July 1, 1971: Nixon instructs Chief of Staff H.R. Haldeman to have someone break into the Brookings Institution in Washington, D.C.:
I can't have a high-minded lawyer ... I want a son-of-a-b----. I want someone just as tough as I am. ... We're up against an enemy, a conspiracy that will use any means. We are going to use any means... . Get it done. I want it done. I want the Brookings Institution cleaned out and have it cleaned out in a way that has somebody else take the blame.
April 4, 1972: Nixon discusses the press with Haldeman:
NIXON: Return the calls to those poor dumb bastards ... who I know are our friends. Now do it ... We made the same mistake [Dwight] Eisenhower made, but not as bad as Eisenhower made, because he sucked the Times too much ... G-d damn it, don't talk to them for a while. Will you enforce that now?
HALDEMAN: I'll try.
May 18, 1972: Nixon talks to Henry Kissinger about the National Security Adviser's meeting with Ivy League college presidents regarding the war in Vietnam:
The Ivy League presidents? Why, I'll never let those sons-of-b------ in the White House again. Never, never, never. They're finished. The Ivy League schools are finished ... Henry, I would never have had them in. Don't do that again ... They came out against us when it was tough ... Don't ever go to an Ivy League school again, ever. Never, never, never.
Nov. 14, 1972: Nixon talks with his aide Charles Colson about his landslide re-election victory over Democrat George McGovern:
NIXON: "What in the hell did you think of McGovern's statement on the election? Wasn't that the sour grapes crap again?”
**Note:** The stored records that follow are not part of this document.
(* Let $\rho\in\mathbb R$, let $\mathbf a=(a_{m,n})_{m,n=1}^\infty$ be a matrix with complex entries and let $\kappa_{\mathbf a}$ be a Dirichlet series kernel on $\mathbb H_\rho$ with coefficient matrix $\mathbf a$. Then the following are equivalent: (i) $\kappa_{\mathbf a}$ is positive semi-definite on $\mathbb H_\rho$; (ii) $\mathbf a$ is formally positive semi-definite. Moreover, if (i) holds, then for every positive integer $n$ the analytic symbol $A_{n,\mathbf a}$ belongs to $\mathscr H_{\mathbf a}$ and $a_{m,n}=\langle A_{n,\mathbf a},A_{m,\mathbf a}\rangle_{\mathscr H_{\mathbf a}}$ for all $m,n\ge1$.
   Context: $\mathbb H_\rho=\{s\in\mathbb C:\Re(s)>\rho\}$. A double Dirichlet series $\sum_{m,n\ge1}c_{m,n}m^{-s}n^{-u}$ is regularly convergent at $(s_0,u_0)$ if the double series converges there and, for all integers $m,n\ge1$, $\sum_{m}c_{m,n}m^{-s_0}$ and $\sum_{n}c_{m,n}n^{-u_0}$ converge. For a complex matrix $\mathbf a$, $\kappa_{\mathbf a}(s,u)=\sum_{m,n\ge1}a_{m,n}m^{-s}n^{-\bar u}$ is a Dirichlet series kernel on $\mathbb H_\rho$ if $(s,u)\mapsto\kappa_{\mathbf a}(s,\bar u)$ is regularly convergent at every point of $\mathbb H_\rho\times\mathbb H_\rho$. A kernel $\kappa$ on a set $X$ is positive semi-definite if every matrix $(\kappa(x_i,x_j))_{i,j=1}^N$ ($x_i\in X$) is positive semi-definite. The matrix $\mathbf a$ is formally positive semi-definite if the kernel $(m,n)\mapsto a_{m,n}$ on $\mathbb N$ is positive semi-definite (i.e. all finite sections $(a_{m,n})_{m,n\in F}$ are positive semi-definite). If $\kappa_{\mathbf a}$ is positive semi-definite, $\mathscr H_{\mathbf a}$ is the reproducing kernel Hilbert space of functions on $\mathbb H_\rho$ with kernel $\kappa_{\mathbf a}$ (i.e. $\kappa_{\mathbf a}(\cdot,t)\in\mathscr H_{\mathbf a}$ and $\langle f,\kappa_{\mathbf a}(\cdot,t)\rangle=f(t)$). The analytic symbols of $\mathbf a$ are the Dirichlet series $A_{n,\mathbf a}(s)=\sum_{m\ge1}a_{m,n}m^{-s}$, $s\in\mathbb H_\rho$, $n\ge1$. *)

theory Defs
  imports "HOL-Analysis.Analysis"
begin

definition halfplane :: "real \<Rightarrow> complex set" where
  "halfplane \<rho> = {s. Re s > \<rho>}"

definition dpartial :: "(nat \<Rightarrow> nat \<Rightarrow> complex) \<Rightarrow> nat \<Rightarrow> nat \<Rightarrow> complex" where
  "dpartial c M N = (\<Sum>m=1..M. \<Sum>n=1..N. c m n)"

definition dconverges_to :: "(nat \<Rightarrow> nat \<Rightarrow> complex) \<Rightarrow> complex \<Rightarrow> bool" where
  "dconverges_to c L \<longleftrightarrow>
     ((\<lambda>(M, N). dpartial c M N) \<longlongrightarrow> L) (sequentially \<times>\<^sub>F sequentially)"

definition dsum :: "(nat \<Rightarrow> nat \<Rightarrow> complex) \<Rightarrow> complex" where
  "dsum c = Lim (sequentially \<times>\<^sub>F sequentially) (\<lambda>(M, N). dpartial c M N)"
(* Let $n\ge 1$, let $\preceq$ be an admissible order on $L([0,1])$, let $F\colon L([0,1])\times L([0,1])\to L([0,1])$ and $G\colon L([0,1])^n\to L([0,1])$ be functions and let $m\colon 2^N\to L([0,1])$ be an IV fuzzy measure with respect to $\preceq$. Then: (i) if $m$ is symmetric, the triplet $(m,F,G)$ satisfies Condition (WDS) (for arbitrary $F,G$); (ii) if $G=f\circ \mathrm{Proj}_1$ for some function $f\colon L([0,1])\to L([0,1])$, then $(m,F,G)$ satisfies Condition (WDS) for any $m$; (iii) if $F$ is non-decreasing in the second variable and $G=f\circ\vee$ for some function $f\colon L([0,1])\to L([0,1])$, then $(m,F,G)$ satisfies Condition (WDS) for any $m$.
   Context: $N=\{1,\dots,n\}$. $L([0,1])=\{[a,b]: 0\le a\le b\le 1\}$, $\mathbf 0=[0,0]$, $\mathbf 1=[1,1]$. $[a,b]\le_{spo}[c,d]$ iff $a\le c$ and $b\le d$. An admissible order $\preceq$ on $L([0,1])$ is a total order such that $X\le_{spo}Y$ implies $X\preceq Y$. $\vee$ and $\wedge$ denote maximum and minimum with respect to $\preceq$ (of two or of $n$ intervals). An IV fuzzy measure w.r.t. $\preceq$ is $m\colon 2^N\to L([0,1])$ with $m(\emptyset)=\mathbf 0$, $m(N)=\mathbf 1$, $m(A)\preceq m(B)$ for $A\subseteq B$; it is symmetric if $m(A)=m(B)$ whenever $|A|=|B|$. $\mathrm{Proj}_1(X_1,\dots,X_n)=X_1$. Monotonicity (non-decreasing) is with respect to $\preceq$. For a permutation $\sigma$ of $N$, $E_{\sigma(i)}=\{\sigma(i),\dots,\sigma(n)\}$. The triplet $(m,F,G)$ satisfies Condition (WDS) if for all $X_1,\dots,X_n\in L([0,1])$ and all permutations $\sigma_1,\sigma_2$ of $N$ with $X_{\sigma_j(1)}\preceq\dots\preceq X_{\sigma_j(n)}$ ($j=1,2$) one has $G\big(F(X_{\sigma_1(1)},m(E_{\sigma_1(1)})),\dots,F(X_{\sigma_1(n)},m(E_{\sigma_1(n)}))\big)=G\big(F(X_{\sigma_2(1)},m(E_{\sigma_2(1)})),\dots,F(X_{\sigma_2(n)},m(E_{\sigma_2(n)}))\big)$. *)

theory Defs
  imports Complex_Main "HOL-Combinatorics.Permutations"
begin
text \<open>Let \<open>D = diam A\<close>. A point \<open>x\<close> of \<open>Co A\<close> is a finite convex combination
  \<open>\<Sum> w a * a\<close> of points of \<open>A\<close>. The mean of \<open>j\<close> independent samples drawn with
  the weights \<open>w\<close> has expected squared distance to \<open>x\<close> equal to the variance over \<open>j\<close>,
  and the variance is at most \<open>D\<^sup>2 / 2\<close>; so some barycenter of \<open>j\<close> points of \<open>A\<close>
  lies within \<open>D / sqrt (2 j)\<close> of \<open>x\<close>. Halving the point set repeatedly, approximate
  convexity puts that barycenter within \<open>\<lceil>log 2 j\<rceil>\<close> of \<open>A\<close>. Hence
  \<open>hausd A (Co A) \<le> \<lceil>log 2 j\<rceil> + D / sqrt (2 j)\<close> for every \<open>j \<ge> 1\<close>, and the stated
  bounds follow by elementary estimates; \<open>0.768\<close> comes from \<open>j = 2 ^ k\<close> with
  \<open>2 ^ (k + 3) \<le> n < 2 ^ (k + 4)\<close>.\<close>

lemma enorm_nonneg: "0 \<le> enorm n x"
  by (simp add: enorm_def sum_nonneg)

lemma power2_enorm: "(enorm n x)\<^sup>2 = (\<Sum>i<n. (x i)\<^sup>2)"
  by (simp add: enorm_def sum_nonneg)

lemma enorm_eq_L2_set: "enorm n x = L2_set x {..<n}"
  by (simp add: enorm_def L2_set_def)

lemma edist_nonneg: "0 \<le> edist n x y"
  by (simp add: edist_def enorm_nonneg)

lemma edist_self [simp]: "edist n x x = 0"
  by (simp add: edist_def enorm_def)

lemma edist_triangle: "edist n x z \<le> edist n x y + edist n y z"
  using L2_set_triangle_ineq[of "\<lambda>i. x i - y i" "\<lambda>i. y i - z i" "{..<n}"]
  by (simp add: edist_def enorm_eq_L2_set)

lemma edist_cmb_le:
  assumes "t \<in> {0..1}"
  shows "edist n (cmb t x1 x2) (cmb t y1 y2) \<le> t * edist n x1 y1 + (1 - t) * edist n x2 y2"
proof -
  have "edist n (cmb t x1 x2) (cmb t y1 y2)
        = L2_set (\<lambda>i. t * (x1 i - y1 i) + (1 - t) * (x2 i - y2 i)) {..<n}"
    by (simp add: edist_def enorm_eq_L2_set cmb_def algebra_simps)
  also have "\<dots> \<le> L2_set (\<lambda>i. t * (x1 i - y1 i)) {..<n} + L2_set (\<lambda>i. (1 - t) * (x2 i - y2 i)) {..<n}"
    by (rule L2_set_triangle_ineq)
  also have "\<dots> = t * edist n x1 y1 + (1 - t) * edist n x2 y2"
    using assms by (simp add: L2_set_right_distrib edist_def enorm_eq_L2_set)
  finally show ?thesis .
qed

lemma setd_le_edist: "a \<in> A \<Longrightarrow> setd n x A \<le> edist n x a"
  unfolding setd_def by (rule cInf_lower) (auto intro: bdd_belowI[of _ 0] simp: edist_nonneg)

lemma setd_lessE:
  assumes "A \<noteq> {}" "setd n x A < c"
  obtains a where "a \<in> A" "edist n x a < c"
  using assms cInf_lessD[of "edist n x ` A" c] unfolding setd_def by auto

lemma setd_le_edist_plus_setd:
  assumes "A \<noteq> {}"
  shows "setd n x A \<le> edist n x y + setd n y A"
proof -
  have "setd n x A - edist n x y \<le> setd n y A"
    unfolding setd_def[of n y]
  proof (rule cINF_greatest[OF assms])
    fix a assume "a \<in> A"
    then have "setd n x A \<le> edist n x y + edist n y a"
      using setd_le_edist edist_triangle order_trans by blast
    then show "setd n x A - edist n x y \<le> edist n y a" by simp
  qed
  then show ?thesis by simp
qed

lemma setd_cmb_le:
  assumes "approx_convex n A" "A \<noteq> {}" "t \<in> {0..1}"
    and "setd n x1 A \<le> r" "setd n x2 A \<le> r"
  shows "setd n (cmb t x1 x2) A \<le> r + 1"
proof (rule field_le_epsilon)
  fix e :: real assume "0 < e"
  obtain a1 where a1: "a1 \<in> A" "edist n x1 a1 < r + e"
    using setd_lessE[OF \<open>A \<noteq> {}\<close>, of n x1 "r + e"] assms(4) \<open>0 < e\<close> by force
  obtain a2 where a2: "a2 \<in> A" "edist n x2 a2 < r + e"
    using setd_lessE[OF \<open>A \<noteq> {}\<close>, of n x2 "r + e"] assms(5) \<open>0 < e\<close> by force
  have "edist n (cmb t x1 x2) (cmb t a1 a2) \<le> t * edist n x1 a1 + (1 - t) * edist n x2 a2"
    using assms(3) by (rule edist_cmb_le)
  also have "\<dots> \<le> t * (r + e) + (1 - t) * (r + e)"
    using a1 a2 assms(3) by (intro add_mono mult_left_mono) auto
  finally have "edist n (cmb t x1 x2) (cmb t a1 a2) \<le> r + e"
    by (simp add: algebra_simps)
  moreover have "setd n (cmb t a1 a2) A \<le> 1"
    using assms(1,3) a1 a2 unfolding approx_convex_def by blast
  ultimately show "setd n (cmb t x1 x2) A \<le> r + 1 + e"
    using setd_le_edist_plus_setd[OF \<open>A \<noteq> {}\<close>, of n "cmb t x1 x2" "cmb t a1 a2"] by linarith
qed

definition barycenter :: "(nat \<Rightarrow> nat \<Rightarrow> real) \<Rightarrow> nat \<Rightarrow> nat \<Rightarrow> real" where
  "barycenter p m = (\<lambda>i. (\<Sum>t<m. p t i) / real m)"

lemma barycenter_add:
  assumes "0 < h" "0 < d"
  shows "barycenter p (h + d)
         = cmb (real h / real (h + d)) (barycenter p h) (barycenter (\<lambda>t. p (t + h)) d)"
proof
  fix i
  have split: "(\<Sum>t<h + d. p t i) = (\<Sum>t<h. p t i) + (\<Sum>t<d. p (t + h) i)"
    by (induction d) (simp_all add: ac_simps)
  have "1 - real h / real (h + d) = real d / real (h + d)"
    using assms by (simp add: field_simps)
  then show "barycenter p (h + d) i
             = cmb (real h / real (h + d)) (barycenter p h) (barycenter (\<lambda>t. p (t + h)) d) i"
    using assms by (simp add: barycenter_def cmb_def split add_divide_distrib)
qed

lemma setd_barycenter_le:
  assumes "approx_convex n A" "A \<noteq> {}" "1 \<le> m" "m \<le> 2 ^ k" "\<forall>t<m. p t \<in> A"
  shows "setd n (barycenter p m) A \<le> real k"
  using assms(3-5)
proof (induction k arbitrary: p m)
  case 0
  then have "m = 1" by simp
  then show ?case
    using 0 setd_le_edist[of "p 0" A n "p 0"] by (simp add: barycenter_def)
next
  case (Suc k)
  show ?case
  proof (cases "m \<le> 2 ^ k")
    case True
    then show ?thesis using Suc by force
  next
    case False
    define h :: nat where "h = 2 ^ k"
    define d where "d = m - h"
    have m: "m = h + d" and "0 < h" "0 < d" "d \<le> 2 ^ k"
      using False Suc.prems(2) by (auto simp: h_def d_def)
    have "real h / real (h + d) \<in> {0..1}"
      using \<open>0 < h\<close> by simp
    moreover have "setd n (barycenter p h) A \<le> real k"
      using Suc.IH[of h p] Suc.prems(3) m by (simp add: h_def)
    moreover have "setd n (barycenter (\<lambda>t. p (t + h)) d) A \<le> real k"
      using Suc.IH[of d "\<lambda>t. p (t + h)"] Suc.prems(3) m \<open>0 < d\<close> \<open>d \<le> 2 ^ k\<close> by simp
    ultimately have "setd n (barycenter p (h + d)) A \<le> real k + 1"
      unfolding barycenter_add[OF \<open>0 < h\<close> \<open>0 < d\<close>] by (rule setd_cmb_le[OF assms(1,2)])
    then show ?thesis
      using m by simp
  qed
qed

definition convex_combinations :: "(nat \<Rightarrow> real) set \<Rightarrow> (nat \<Rightarrow> real) set" where
  "convex_combinations A =
     {x. \<exists>F w. finite F \<and> F \<subseteq> A \<and> (\<forall>a\<in>F. 0 \<le> w a) \<and> sum w F = 1 \<and>
              (\<forall>i. x i = (\<Sum>a\<in>F. w a * a i))}"

lemma subset_convex_combinations: "A \<subseteq> convex_combinations A"
proof
  fix x assume "x \<in> A"
  then show "x \<in> convex_combinations A"
    unfolding convex_combinations_def by (intro CollectI exI[of _ "{x}"] exI[of _ "\<lambda>_. 1"]) auto
qed

lemma convexR_convex_combinations: "convexR (convex_combinations A)"
  unfolding convexR_def
proof (intro ballI)
  fix x y t assume "x \<in> convex_combinations A" "y \<in> convex_combinations A" and t: "t \<in> {0..1::real}"
  then obtain F1 w1 F2 w2 where
      F1: "finite F1" "F1 \<subseteq> A" "\<forall>a\<in>F1. 0 \<le> w1 a" "sum w1 F1 = 1" "\<forall>i. x i = (\<Sum>a\<in>F1. w1 a * a i)"
    and F2: "finite F2" "F2 \<subseteq> A" "\<forall>a\<in>F2. 0 \<le> w2 a" "sum w2 F2 = 1" "\<forall>i. y i = (\<Sum>a\<in>F2. w2 a * a i)"
    unfolding convex_combinations_def by blast
  define F where "F = F1 \<union> F2"
  define w where "w a = t * (if a \<in> F1 then w1 a else 0) + (1 - t) * (if a \<in> F2 then w2 a else 0)" for a
  have "finite F"
    using F1 F2 by (simp add: F_def)
  have extend: "(\<Sum>a\<in>F. if a \<in> G then g a else 0) = sum g G" if "G \<subseteq> F" for G and g :: "_ \<Rightarrow> real"
    using sum.inter_restrict[OF \<open>finite F\<close>, of g G] that by (simp add: Int_absorb1)
  have sum_w: "(\<Sum>a\<in>F. w a * f a) = t * (\<Sum>a\<in>F1. w1 a * f a) + (1 - t) * (\<Sum>a\<in>F2. w2 a * f a)"
    for f :: "_ \<Rightarrow> real"
  proof -
    have "(\<Sum>a\<in>F. w a * f a) = (\<Sum>a\<in>F. t * (if a \<in> F1 then w1 a * f a else 0)
                                          + (1 - t) * (if a \<in> F2 then w2 a * f a else 0))"
      by (rule sum.cong) (simp_all add: w_def algebra_simps)
    also have "\<dots> = t * (\<Sum>a\<in>F1. w1 a * f a) + (1 - t) * (\<Sum>a\<in>F2. w2 a * f a)"
      using extend[of F1] extend[of F2] by (simp add: F_def sum.distrib flip: sum_distrib_left)
    finally show ?thesis .
  qed
  have "F \<subseteq> A" "\<forall>a\<in>F. 0 \<le> w a"
    using F1 F2 t by (auto simp: F_def w_def)
  moreover have "sum w F = 1"
    using sum_w[of "\<lambda>_. 1"] F1 F2 by simp
  moreover have "\<forall>i. cmb t x y i = (\<Sum>a\<in>F. w a * a i)"
    using sum_w F1 F2 by (simp add: cmb_def)
  ultimately show "cmb t x y \<in> convex_combinations A"
    using \<open>finite F\<close> unfolding convex_combinations_def by blast
qed

lemma Co_subset_convex_combinations: "Co A \<subseteq> convex_combinations A"
  unfolding Co_def
  by (intro hull_minimal subset_convex_combinations convexR_convex_combinations)

lemma weighted_sum_centered:
  fixes w f :: "'a \<Rightarrow> real"
  assumes "sum w F = 1"
  shows "(\<Sum>a\<in>F. w a * (f a - (\<Sum>b\<in>F. w b * f b))) = 0"
  using assms by (simp add: right_diff_distrib sum_subtractf flip: sum_distrib_right)

lemma weighted_sum_sq_shift:
  fixes w g :: "'a \<Rightarrow> real"
  assumes "sum w F = 1" "(\<Sum>a\<in>F. w a * g a) = 0"
  shows "(\<Sum>a\<in>F. w a * (s + g a)\<^sup>2) = s\<^sup>2 + (\<Sum>a\<in>F. w a * (g a)\<^sup>2)"
proof -
  have "(\<Sum>a\<in>F. w a * (s + g a)\<^sup>2) = (\<Sum>a\<in>F. s\<^sup>2 * w a + 2 * s * (w a * g a) + w a * (g a)\<^sup>2)"
    by (rule sum.cong) (simp_all add: power2_sum algebra_simps)
  also have "\<dots> = s\<^sup>2 * sum w F + 2 * s * (\<Sum>a\<in>F. w a * g a) + (\<Sum>a\<in>F. w a * (g a)\<^sup>2)"
    by (simp add: sum.distrib sum_distrib_left)
  finally show ?thesis
    using assms by simp
qed

lemma weighted_sum_sq_pairwise:
  fixes w g :: "'a \<Rightarrow> real"
  assumes "sum w F = 1" "(\<Sum>a\<in>F. w a * g a) = 0"
  shows "(\<Sum>a\<in>F. \<Sum>b\<in>F. w a * w b * (g a - g b)\<^sup>2) = 2 * (\<Sum>a\<in>F. w a * (g a)\<^sup>2)"
proof -
  have inner: "(\<Sum>b\<in>F. w b * (g b - g a)\<^sup>2) = (g a)\<^sup>2 + (\<Sum>b\<in>F. w b * (g b)\<^sup>2)" for a
    using weighted_sum_sq_shift[OF assms, of "- g a"] by simp
  have "(\<Sum>a\<in>F. \<Sum>b\<in>F. w a * w b * (g a - g b)\<^sup>2) = (\<Sum>a\<in>F. w a * (\<Sum>b\<in>F. w b * (g b - g a)\<^sup>2))"
    by (simp add: sum_distrib_left power2_commute mult.assoc)
  also have "\<dots> = (\<Sum>a\<in>F. w a * (g a)\<^sup>2 + w a * (\<Sum>b\<in>F. w b * (g b)\<^sup>2))"
    by (simp add: inner distrib_left)
  also have "\<dots> = 2 * (\<Sum>a\<in>F. w a * (g a)\<^sup>2)"
    using assms(1) by (simp add: sum.distrib flip: sum_distrib_right)
  finally show ?thesis .
qed

lemma weighted_sum_sq_enorm_shift:
  assumes "sum w F = 1" "\<forall>i. x i = (\<Sum>a\<in>F. w a * a i)"
  shows "(\<Sum>a\<in>F. w a * (enorm n (\<lambda>i. s i + (a i - x i)))\<^sup>2)
         = (enorm n s)\<^sup>2 + (\<Sum>a\<in>F. w a * (edist n a x)\<^sup>2)"
proof -
  have centered: "(\<Sum>a\<in>F. w a * (a i - x i)) = 0" for i
    using weighted_sum_centered[OF assms(1), of "\<lambda>a. a i"] assms(2) by simp
  have "(\<Sum>a\<in>F. w a * (enorm n (\<lambda>i. s i + (a i - x i)))\<^sup>2)
        = (\<Sum>i<n. \<Sum>a\<in>F. w a * (s i + (a i - x i))\<^sup>2)"
    by (simp add: power2_enorm sum_distrib_left sum.swap[of _ F])
  also have "\<dots> = (\<Sum>i<n. (s i)\<^sup>2 + (\<Sum>a\<in>F. w a * (a i - x i)\<^sup>2))"
    using weighted_sum_sq_shift[OF assms(1) centered] by simp
  also have "\<dots> = (enorm n s)\<^sup>2 + (\<Sum>a\<in>F. w a * (edist n a x)\<^sup>2)"
    by (simp add: power2_enorm edist_def sum.distrib sum_distrib_left sum.swap[of _ F])
  finally show ?thesis .
qed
COLSON: “Well, it's unbelievable, the arrogance of the guy ... God, what a bad man. Just awfully glad we got him buried and put away for good. I think he is.”
NIXON: Oh, he's buried. He's buried.
Dec. 9, 1972: Nixon talks to Colson about the appointment of building trades union leader Peter Brennan as secretary of labor:
NIXON: The idea, they finally think the appointment of a working man makes them think we're for the working man.
COLSON: That's precisely it.
NIXON: They talk about all the tokenism. We appoint blacks, and they don't think we're for blacks. Mexicans. They don't think we're for Mexicans. But a working man, by golly, that is really something.
Lyndon Johnson may have been coarse -- coarser, even -- but at least he had a sense of humor. (Russell Baker once wrote admiringly of Johnson's talent for the "comic vulgarity.") But this stuff is just unrefined anger and pettiness. You can listen to excerpts from the November and December 1972 tapes here.
3 comments:
Amazing! what a jerk! I never liked him or trusted him and it wasn't just because he was Republican because at the time I was more Indepdent than anything, but he just gave me the willies! Great post!
Every time a new revelation or new set of tapes comes out about Nixon, I am appalled all over again. It just keeps getting worse.
He was a skunk, all right. Although Dick Cheney makes Nixon look like a cock-eyed optimist.